lemma emeasure_mixture:
  assumes sets_D: "\<And>j. sets (D j) = sets M" and A: "A \<in> sets M"
  shows "emeasure (mixture M D r) A = (\<Sum>j\<in>UNIV. ennreal (r j) * emeasure (D j) A)"
  unfolding mixture_def
proof (rule emeasure_measure_of_sigma[OF sets.sigma_algebra_axioms _ _ A])
  show "positive (sets M) (\<lambda>A. \<Sum>j\<in>UNIV. ennreal (r j) * emeasure (D j) A)"
    by (simp add: positive_def)
  show "countably_additive (sets M) (\<lambda>A. \<Sum>j\<in>UNIV. ennreal (r j) * emeasure (D j) A)"
    unfolding countably_additive_def
  proof (intro allI impI)
    fix F :: "nat \<Rightarrow> _"
    assume F: "range F \<subseteq> sets M" "disjoint_family F" "\<Union> (range F) \<in> sets M"
    have "(\<Sum>n. \<Sum>j\<in>UNIV. ennreal (r j) * emeasure (D j) (F n))
        = (\<Sum>j\<in>UNIV. \<Sum>n. ennreal (r j) * emeasure (D j) (F n))"
      by (rule suminf_sum) auto
    also have "\<dots> = (\<Sum>j\<in>UNIV. ennreal (r j) * emeasure (D j) (\<Union> (range F)))"
      using F sets_D by (simp add: suminf_emeasure)
    finally show "(\<Sum>n. \<Sum>j\<in>UNIV. ennreal (r j) * emeasure (D j) (F n))
        = (\<Sum>j\<in>UNIV. ennreal (r j) * emeasure (D j) (\<Union> (range F)))" .
  qed
qed

lemma finite_measure_mixture:
  assumes finite_D: "\<And>j. finite_measure (D j)" and sets_D: "\<And>j. sets (D j) = sets M"
  shows "finite_measure (mixture M D r)"
proof
  have "emeasure (D j) (space M) \<noteq> \<infinity>" for j
    using finite_measure.emeasure_finite[OF finite_D, of j "space M"] by simp
  then show "emeasure (mixture M D r) (space (mixture M D r)) \<noteq> \<infinity>"
    using sets_D by (simp add: emeasure_mixture ennreal_mult_eq_top_iff)
qed
text \<open>Matrix coefficient (row f, column f') of the action of g on that tensor product:
  Lambda^k(g) e_J = sum_I det(g[I,J]) e_I, and tensor products act factorwise.\<close>
definition ext_act :: "('v \<Rightarrow> 'k::field mat) \<Rightarrow> 'x set \<Rightarrow> ('x \<Rightarrow> 'v)
    \<Rightarrow> ('x \<Rightarrow> nat set) \<Rightarrow> ('x \<Rightarrow> nat set) \<Rightarrow> 'k" where
  "ext_act g F vt f f' = (\<Prod>x\<in>F. det (submatrix (g (vt x)) (f x) (f' x)))"

text \<open>Hom_H(M2, M1) \<noteq> 0 for M2 = (F2,vt2,dg2), M1 = (F1,vt1,dg1): there is a nonzero
  matrix Phi (rows: basis of M1, columns: basis of M2) intertwining the actions.\<close>
definition hom_nonzero :: "('v \<Rightarrow> 'k::field mat) set \<Rightarrow> ('v \<Rightarrow> nat)
    \<Rightarrow> 'x set \<Rightarrow> ('x \<Rightarrow> 'v) \<Rightarrow> ('x \<Rightarrow> nat)
    \<Rightarrow> 'y set \<Rightarrow> ('y \<Rightarrow> 'v) \<Rightarrow> ('y \<Rightarrow> nat) \<Rightarrow> bool" where
  "hom_nonzero H d F2 vt2 dg2 F1 vt1 dg1 \<longleftrightarrow>
     (\<exists>Phi :: ('y \<Rightarrow> nat set) \<Rightarrow> ('x \<Rightarrow> nat set) \<Rightarrow> 'k.
        (\<exists>B\<in>ext_basis d F1 vt1 dg1. \<exists>C\<in>ext_basis d F2 vt2 dg2. Phi B C \<noteq> 0) \<and>
        (\<forall>g\<in>H. \<forall>B\<in>ext_basis d F1 vt1 dg1. \<forall>C\<in>ext_basis d F2 vt2 dg2.
           (\<Sum>B'\<in>ext_basis d F1 vt1 dg1. ext_act g F1 vt1 B B' * Phi B' C)
         = (\<Sum>C'\<in>ext_basis d F2 vt2 dg2. Phi B C' * ext_act g F2 vt2 C' C)))"

text \<open>Factors of Lambda_1(Theta), labelled (a, n, side):
  a in A1: Lambda^{lambda_a!n}(E_{i(a)})  (side True);
  a in A2: Lambda^{mu_a!n}(E_{t(a)}) (side True) and Lambda^{mu_a!n}(E_{i(a)}) (side False).\<close>
definition Lam1_factors :: "'e set \<Rightarrow> ('e \<Rightarrow> 'v) \<Rightarrow> ('e \<Rightarrow> 'v) \<Rightarrow> 'q set \<Rightarrow> ('q \<Rightarrow> 'v)
    \<Rightarrow> ('e \<Rightarrow> nat list) \<Rightarrow> ('e \<times> nat \<times> bool) set" where
  "Lam1_factors A src tgt \<Omega> jq \<theta> =
     {(a, n, True) | a n. a \<in> arrowsA1 A src tgt \<Omega> jq \<and> n < length (\<theta> a)} \<union>
     {(a, n, s) | a n s. a \<in> arrowsA2 A src tgt \<Omega> jq \<and> n < length (\<theta> a)}"
definition Lam1_vert :: "'e set \<Rightarrow> ('e \<Rightarrow> 'v) \<Rightarrow> ('e \<Rightarrow> 'v) \<Rightarrow> 'q set \<Rightarrow> ('q \<Rightarrow> 'v)
    \<Rightarrow> ('e \<times> nat \<times> bool) \<Rightarrow> 'v" where
  "Lam1_vert A src tgt \<Omega> jq x = (case x of (a, n, s) \<Rightarrow>
     if a \<in> arrowsA2 A src tgt \<Omega> jq \<and> s then tgt a else src a)"

text \<open>Factors of Lambda_2(Theta):
  a in A1: Lambda^{lambda_a!n}(E_{t(a)}) (side True);
  a in A3: Lambda^{gamma_a!n}(E_{t(a)}) (side True) and Lambda^{gamma_a!n}(E_{i(a)}) (side False).\<close>
definition Lam2_factors :: "'e set \<Rightarrow> ('e \<Rightarrow> 'v) \<Rightarrow> ('e \<Rightarrow> 'v) \<Rightarrow> 'q set \<Rightarrow> ('q \<Rightarrow> 'v)
    \<Rightarrow> ('e \<Rightarrow> nat list) \<Rightarrow> ('e \<times> nat \<times> bool) set" where
  "Lam2_factors A src tgt \<Omega> jq \<theta> =
     {(a, n, True) | a n. a \<in> arrowsA1 A src tgt \<Omega> jq \<and> n < length (\<theta> a)} \<union>
     {(a, n, s) | a n s. a \<in> arrowsA3 A src tgt \<Omega> jq \<and> n < length (\<theta> a)}"
definition Lam2_vert :: "'e set \<Rightarrow> ('e \<Rightarrow> 'v) \<Rightarrow> ('e \<Rightarrow> 'v) \<Rightarrow> 'q set \<Rightarrow> ('q \<Rightarrow> 'v)
    \<Rightarrow> ('e \<times> nat \<times> bool) \<Rightarrow> 'v" where
  "Lam2_vert A src tgt \<Omega> jq x = (case x of (a, n, s) \<Rightarrow>
     if a \<in> arrowsA3 A src tgt \<Omega> jq \<and> \<not> s then src a else tgt a)"

definition Lam_deg :: "('e \<Rightarrow> nat list) \<Rightarrow> ('e \<times> nat \<times> bool) \<Rightarrow> nat" where
  "Lam_deg \<theta> x = (case x of (a, n, s) \<Rightarrow> \<theta> a ! n)"
lemma classified_if_left_item5:
  assumes two: "(2::'a::field) \<noteq> 0" and "diassoc (Tbl (1/2) 0 0 0 0 0 (1/2) 0) B"
  shows "classified (Tbl (1/2) 0 0 0 0 0 (1/2) (0::'a)) B"
proof -
  obtain c1 c2 c3 c4 d1 d2 d3 d4 where B: "B = Tbl c1 c2 c3 c4 d1 d2 d3 (d4::'a)"
    by (cases B)
  note h = diassocD[OF assms(2)[unfolded B]]
  have "c1 * 4 = 2" and c: "c2 = 0" "c3 = 0" "c4 = 0"
    using h[of "(1,0)" "(1,0)" "(1,0)"] h[of "(1,0)" "(1,0)" "(0,1)"]
      h[of "(1,0)" "(0,1)" "(1,0)"] h[of "(1,0)" "(0,1)" "(0,1)"] two
    by (simp_all add: numeral_Bit0_eq_zero_iff)
  then have "2 * (2 * c1) = 2 * 1"
    by (simp add: algebra_simps)
  then have "2 * c1 = 1"
    using two mult_left_cancel by blast
  with c have c: "c1 = 1/2" "c2 = 0" "c3 = 0" "c4 = 0"
    using two by (simp_all add: field_simps)
  have d4: "d4 = 0"
    using h[of "(0,1)" "(0,1)" "(0,1)"] c by simp
  have "d2 * d3 = 0" "d1 * d3 = 0" "d1 * d2 = 0" "d2 * d2 = 1/2 * d2" "d3 * d3 = 1/2 * d3"
    using h[of "(1,0)" "(0,1)" "(1,0)"] h[of "(1,0)" "(1,0)" "(1,0)"] h[of "(1,0)" "(1,0)" "(0,1)"]
      h[of "(0,1)" "(1,0)" "(1,0)"] c d4 two
    by (auto simp add: field_simps numeral_Bit0_eq_zero_iff)
  then have "item 5 d1 = (Tbl (1/2) 0 0 0 0 0 (1/2) 0, B) \<or> item 6 0 = (Tbl (1/2) 0 0 0 0 0 (1/2) 0, B)
      \<or> item 7 0 = (Tbl (1/2) 0 0 0 0 0 (1/2) 0, B)"
    unfolding square_eq_scaled_iff using B c d4 two by (auto simp: eval_nat_numeral)
  then show ?thesis
    using classified_item[of 5] classified_item[of 6] classified_item[of 7] by auto
qed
====
WORK TO COMPLETE:
Repeat the entries verbatim through the line with "unfolding mixture_def".

RESULT OF THE TASK:
lemma emeasure_mixture:
  assumes sets_D: "\<And>j. sets (D j) = sets M" and A: "A \<in> sets M"
  shows "emeasure (mixture M D r) A = (\<Sum>j\<in>UNIV. ennreal (r j) * emeasure (D j) A)"
  unfolding mixture_def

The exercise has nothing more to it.